The Myth of Pricing Systems

May 13, 2010

copyright 2010 L. Kerr

Myth or reality: with the tools and technology available today, management can take it easy and let software do the heavy lifting around pricing decisions.

The truth is, I wish that was the case, but for restaurant operators responsible for pricing decisions or recommendations, it’s still necessary to devote significant thought to pricing decisions. While it’s true that automation can help greatly, making the actual decisions around pricing requires management judgment, and that won’t change.

At the upcoming NRA show, I will be giving a session on how to approach the most common challenges of making pricing decisions. Having spent much of my career in this area, it’s a subject near and dear to my heart. As part of the presentation I’ll be debunking some myths surrounding pricing (see previous blog post: Can We Talk About Pricing?) Here’s more on some of the myths surrounding pricing.

So why aren’t restaurants poised to take advantage of pricing systems? Here are a few reasons.

  1. Garbage In, Garbage Out – if your concept is lucky enough to have an accurate, state of the art Point of Sale (POS) system, then good for you. However, we all know that register coding and ringing are not exactly standard, so that if your company isn’t exactly consistent, you could be factoring in obsolete products or incorrect data depending on how sales are rung into the register.
  2. Software Sensitivities – Of the software out there that pertains to pricing, many packages are geared towards business-to-business industries.

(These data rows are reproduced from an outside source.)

lemma mset_of_count: "set_mset M \<subseteq> S \<Longrightarrow> mset_of (count M) = M"
proof (rule multiset_eqI)
  fix y
  assume "set_mset M \<subseteq> S"
  then have "count M y = (if y \<in> S then count M y else 0)"
    by (auto simp: not_in_iff[symmetric])
  then show "count (mset_of (count M)) y = count M y"
    using finite_S by (simp add: mset_of_def count_sum sum.delta)
qed

definition perm_of_fun :: "('a \<Rightarrow> nat) \<Rightarrow> 'a \<Rightarrow> 'a" where
  "perm_of_fun f = perm_of_mset (mset_of f)"

end

locale finite_cycle_set_period = finite_cycle_set +
  fixes d :: nat
  assumes period_pos: "0 < d" and cs_psik_period: "\<forall>s\<in>S. \<forall>t\<in>S. cs_psik op d s t = t"
begin

lemma perm_of_replicate_period: "s \<in> S \<Longrightarrow> perm_of_mset (replicate_mset d s) = \<one>\<^bsub>Sym\<^esub>"
proof -
  assume s: "s \<in> S"
  let ?\<sigma> = "perm_of_mset (replicate_mset d s)"
  have "inv\<^bsub>Sym\<^esub> ?\<sigma> = \<one>\<^bsub>Sym\<^esub>"
  proof (rule Bij_eqI)
    show "inv\<^bsub>Sym\<^esub> ?\<sigma> \<in> Bij S" and "\<one>\<^bsub>Sym\<^esub> \<in> Bij S"
      using perm_of_mset_in_Bij by (simp_all add: BijGroup_inv_closed BijGroup_one_closed)
    fix t assume "t \<in> S"
    then show "(inv\<^bsub>Sym\<^esub> ?\<sigma>) t = \<one>\<^bsub>Sym\<^esub> t"
      using s cs_psik_period by (simp add: inv_perm_of_replicate_apply BijGroup_one_apply)
  qed
  then show ?thesis
    using perm_of_mset_in_Bij by (metis Sym.inv_inv Sym.inv_one carrier_BijGroup)
qed
(* For every fixed environment $\omega=(\omega_x)_{x\in\mathbb Z}\in\mathbb R^{\mathbb Z}$ and all real $-\infty<u\le v<\infty$, $$\lim_{n\to\infty} P^{\omega}_n\!\left(u\le \frac{X_n}{n}\le v\right)=\int_u^v \{1-\sin(\omega_0)\,x\}\, f_K(x)\,dx,$$ where $$f_K(x)=\frac{1}{\pi(1-x^2)\sqrt{1-2x^2}}\,I_{(-1/\sqrt2,\,1/\sqrt2)}(x),$$ and $I_A$ denotes the indicator function of $A$.
   Context: Quantum walk in an environment $\omega=(\omega_x)_{x\in\mathbb Z}$, $\omega_x\in\mathbb R$. For $x\in\mathbb Z$ let $$U_x=\frac{1}{\sqrt2}\begin{pmatrix} e^{i\omega_x} & 1\\ 1 & -e^{-i\omega_x}\end{pmatrix}=\begin{pmatrix} a_x & b_x\\ c_x & d_x\end{pmatrix},\qquad P_x=\begin{pmatrix} a_x & b_x\\ 0&0\end{pmatrix},\quad Q_x=\begin{pmatrix} 0&0\\ c_x & d_x\end{pmatrix}.$$ For integers $l,m$ define $2\times2$ matrices $\Xi_n(l,m)$, $n=l+m$, by $\Xi_0(0,0)=I$, $\Xi_n(l,m)=0$ if $l<0$ or $m<0$, and for $l,m\ge0$ with $l+m=n+1\ge1$, writing $x=-l+m$, $$\Xi_{n+1}(l,m)=P_{x+1}\,\Xi_n(l-1,m)+Q_{x-1}\,\Xi_n(l,m-1).$$ (Equivalently, $\Xi_n(l,m)$ is the sum over all nearest-neighbour paths from $0$ with $l$ left steps and $m$ right steps of the ordered product, latest step leftmost, of $P_y$ for each left step from site $y$ and $Q_y$ for each right step from site $y$.) Let $\varphi_*={}^T[1/\sqrt2,\,i/\sqrt2]$. The quenched law of the position $X_n$ at time $n$ is $P^{\omega}_n(X_n=x)=\|\Xi_n(l,m)\varphi_*\|^2$ for $x=-l+m$, $n=l+m$, $l,m\ge0$ (and $0$ for other $x$); this is a probability distribution on $\mathbb Z$. *)

theory Defs
  imports "HOL-Analysis.Analysis"
begin

text \<open>2x2 complex matrices are rendered as complex^2^2 (rows/columns indexed by 1, 2).\<close>

definition mat2 :: "complex \<Rightarrow> complex \<Rightarrow> complex \<Rightarrow> complex \<Rightarrow> complex^2^2" where
  "mat2 a b c d = (\<chi> i j. if i = 1 then (if j = 1 then a else b) else (if j = 1 then c else d))"

definition qw_a :: "(int \<Rightarrow> real) \<Rightarrow> int \<Rightarrow> complex" where
  "qw_a \<omega> x = cis (\<omega> x) / complex_of_real (sqrt 2)"
definition qw_b :: "(int \<Rightarrow> real) \<Rightarrow> int \<Rightarrow> complex" where
  "qw_b \<omega> x = 1 / complex_of_real (sqrt 2)"
definition qw_c :: "(int \<Rightarrow> real) \<Rightarrow> int \<Rightarrow> complex" where
  "qw_c \<omega> x = 1 / complex_of_real (sqrt 2)"
definition qw_d :: "(int \<Rightarrow> real) \<Rightarrow> int \<Rightarrow> complex" where
  "qw_d \<omega> x = - cis (- \<omega> x) / complex_of_real (sqrt 2)"

definition qw_U :: "(int \<Rightarrow> real) \<Rightarrow> int \<Rightarrow> complex^2^2" where
  "qw_U \<omega> x = mat2 (qw_a \<omega> x) (qw_b \<omega> x) (qw_c \<omega> x) (qw_d \<omega> x)"
definition qw_P :: "(int \<Rightarrow> real) \<Rightarrow> int \<Rightarrow> complex^2^2" where
  "qw_P \<omega> x = mat2 (qw_a \<omega> x) (qw_b \<omega> x) 0 0"
definition qw_Q :: "(int \<Rightarrow> real) \<Rightarrow> int \<Rightarrow> complex^2^2" where
  "qw_Q \<omega> x = mat2 0 0 (qw_c \<omega> x) (qw_d \<omega> x)"

text \<open>Xi \<omega> l m = \<Xi>_{l+m}(l,m); position x = -l+m.  Terms with a negative index vanish.\<close>
fun Xi :: "(int \<Rightarrow> real) \<Rightarrow> nat \<Rightarrow> nat \<Rightarrow> complex^2^2" where
  "Xi \<omega> 0 0 = mat 1"
| "Xi \<omega> (Suc l) 0 = qw_P \<omega> (- int (Suc l) + 1) ** Xi \<omega> l 0"
| "Xi \<omega> 0 (Suc m) = qw_Q \<omega> (int (Suc m) - 1) ** Xi \<omega> 0 m"
| "Xi \<omega> (Suc l) (Suc m) =
     qw_P \<omega> (- int (Suc l) + int (Suc m) + 1) ** Xi \<omega> l (Suc m)
   + qw_Q \<omega> (- int (Suc l) + int (Suc m) - 1) ** Xi \<omega> (Suc l) m"

definition phi_star :: "complex^2" where
  "phi_star = (\<chi> i. if i = 1 then 1 / complex_of_real (sqrt 2) else \<i> / complex_of_real (sqrt 2))"

definition qw_prob :: "(int \<Rightarrow> real) \<Rightarrow> nat \<Rightarrow> int \<Rightarrow> real" where
  "qw_prob \<omega> n x =
     (if \<bar>x\<bar> \<le> int n \<and> even (int n + x)
      then (norm (Xi \<omega> (nat ((int n - x) div 2)) (nat ((int n + x) div 2)) *v phi_star))\<^sup>2
      else 0)"

definition qw_interval_prob :: "(int \<Rightarrow> real) \<Rightarrow> nat \<Rightarrow> real \<Rightarrow> real \<Rightarrow> real" where
  "qw_interval_prob \<omega> n u v =
     (\<Sum>x\<in>{x\<in>{- int n..int n}. u \<le> real_of_int x / real n \<and> real_of_int x / real n \<le> v}. qw_prob \<omega> n x)"

definition f_K :: "real \<Rightarrow> real" where
  "f_K x = indicator {-1/sqrt 2<..<1/sqrt 2} x / (pi * (1 - x\<^sup>2) * sqrt (1 - 2 * x\<^sup>2))"

end

theory Submission
  imports Defs "HOL-Probability.Probability"
begin

(* (1) Gauge transformation.  With the position-dependent phases
       exp(\<i> (S(x) \<plusminus> \<omega>_x/2)), S(x+1) - S(x) = (\<omega>_x + \<omega>_{x+1})/2, the amplitudes of
       the walk become those of the homogeneous Hadamard walk started from a
       state (\<alpha>, \<beta>) depending only on \<omega>_0.  Hence the law of X_n only depends on \<omega>_0.
   (2) Fourier analysis of the Hadamard walk.  The Fourier transform of the
       amplitudes evolves by a unitary 2x2 matrix U(k) with eigenvalues
       \<lambda>\<^sub>+(k) = e^{\<i>\<theta>(k)}, \<lambda>\<^sub>-(k) = -e^{-\<i>\<theta>(k)}, \<theta>(k) = -arcsin(sin k/\<surd>2).
   (3) By Parseval, the characteristic function of X_n/n is (1/2\<pi>) times the
       integral over [0,2\<pi>] of an explicit integrand; it converges uniformly in k,
       because n(\<theta>(k+t/n) - \<theta>(k)) \<rightarrow> t \<theta>'(k).
   (4) The limit is the characteristic function of \<theta>'(k) under the density
       (1 - sin \<omega>_0 \<theta>'(k))/\<pi> on [0,\<pi>]; substituting x = \<theta>'(k) shows that this is
       the measure with density (1 - sin(\<omega>_0) x) f_K(x).
   (5) Levy's continuity theorem gives weak convergence; the limit has no atoms,
       so the probabilities of closed intervals converge. *)

subsection \<open>Amplitudes of the walk as a function of time and position\<close>

definition amp :: "(int \<Rightarrow> real) \<Rightarrow> nat \<Rightarrow> int \<Rightarrow> complex^2" where
  "amp \<omega> n x = (if \<bar>x\<bar> \<le> int n \<and> even (int n + x)
     then Xi \<omega> (nat ((int n - x) div 2)) (nat ((int n + x) div 2)) *v phi_star else 0)"

lemma amp_Xi: "n = l + m \<Longrightarrow> amp \<omega> n (int m - int l) = Xi \<omega> l m *v phi_star"
proof -
  assume n: "n = l + m"
  have "even (int n + (int m - int l))" using n by (simp add: algebra_simps)
  moreover have "nat ((int n - (int m - int l)) div 2) = l" "nat ((int n + (int m - int l)) div 2) = m"
    using n by simp_all
  ultimately show ?thesis unfolding amp_def using n by auto
qed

These products offer solutions for managing the sales pipeline, quoting, and discounting – all things that aren’t appliable to restaurants. Few are geared to the retail nature of restaurants.
  3. Non-Price Factors – for systems that do work with POS data, results can attribute an undue amount of weight to price, when in fact, it is rarely the most significant driver of restaurant performance. Having participated in many customer interviews and focus groups, I have heard customers mention convenience, service, quality, and location far higher on their lists than they do price as a factor in restaurant selection. Systems (or their developers or users) that do not allow for these variables – not to mention weather, advertising, promotions – are  omitting important determinants of revenue and profitability.
  4. Operating Realities – Even if tools and technology perform calculations such as price trends, comparable item price differences, price elasticity, and can point to potential price change candidates and the potential new pricing options, this is still not enough. Why? Because there are too many sensitivities that management should consider when finalizing price lists. These variables include the competitive environment, promotional activity, trade area differences, customer attitudes – and this list goes on.

I consider tools and technology extremely valuable in pricing analysis, and my firm consistently seeks to automate outdated ways of conducting analysis. But there is no substitute for management insight and review, and to think that pricing decisions can be made in the absence of this is simply wishful. A thorough approach with checks and balances to review information generated by automated systems will always be necessary to make sound pricing decisions.

I look forward to sharing more on this topic both at the NRA Show and in future blogs.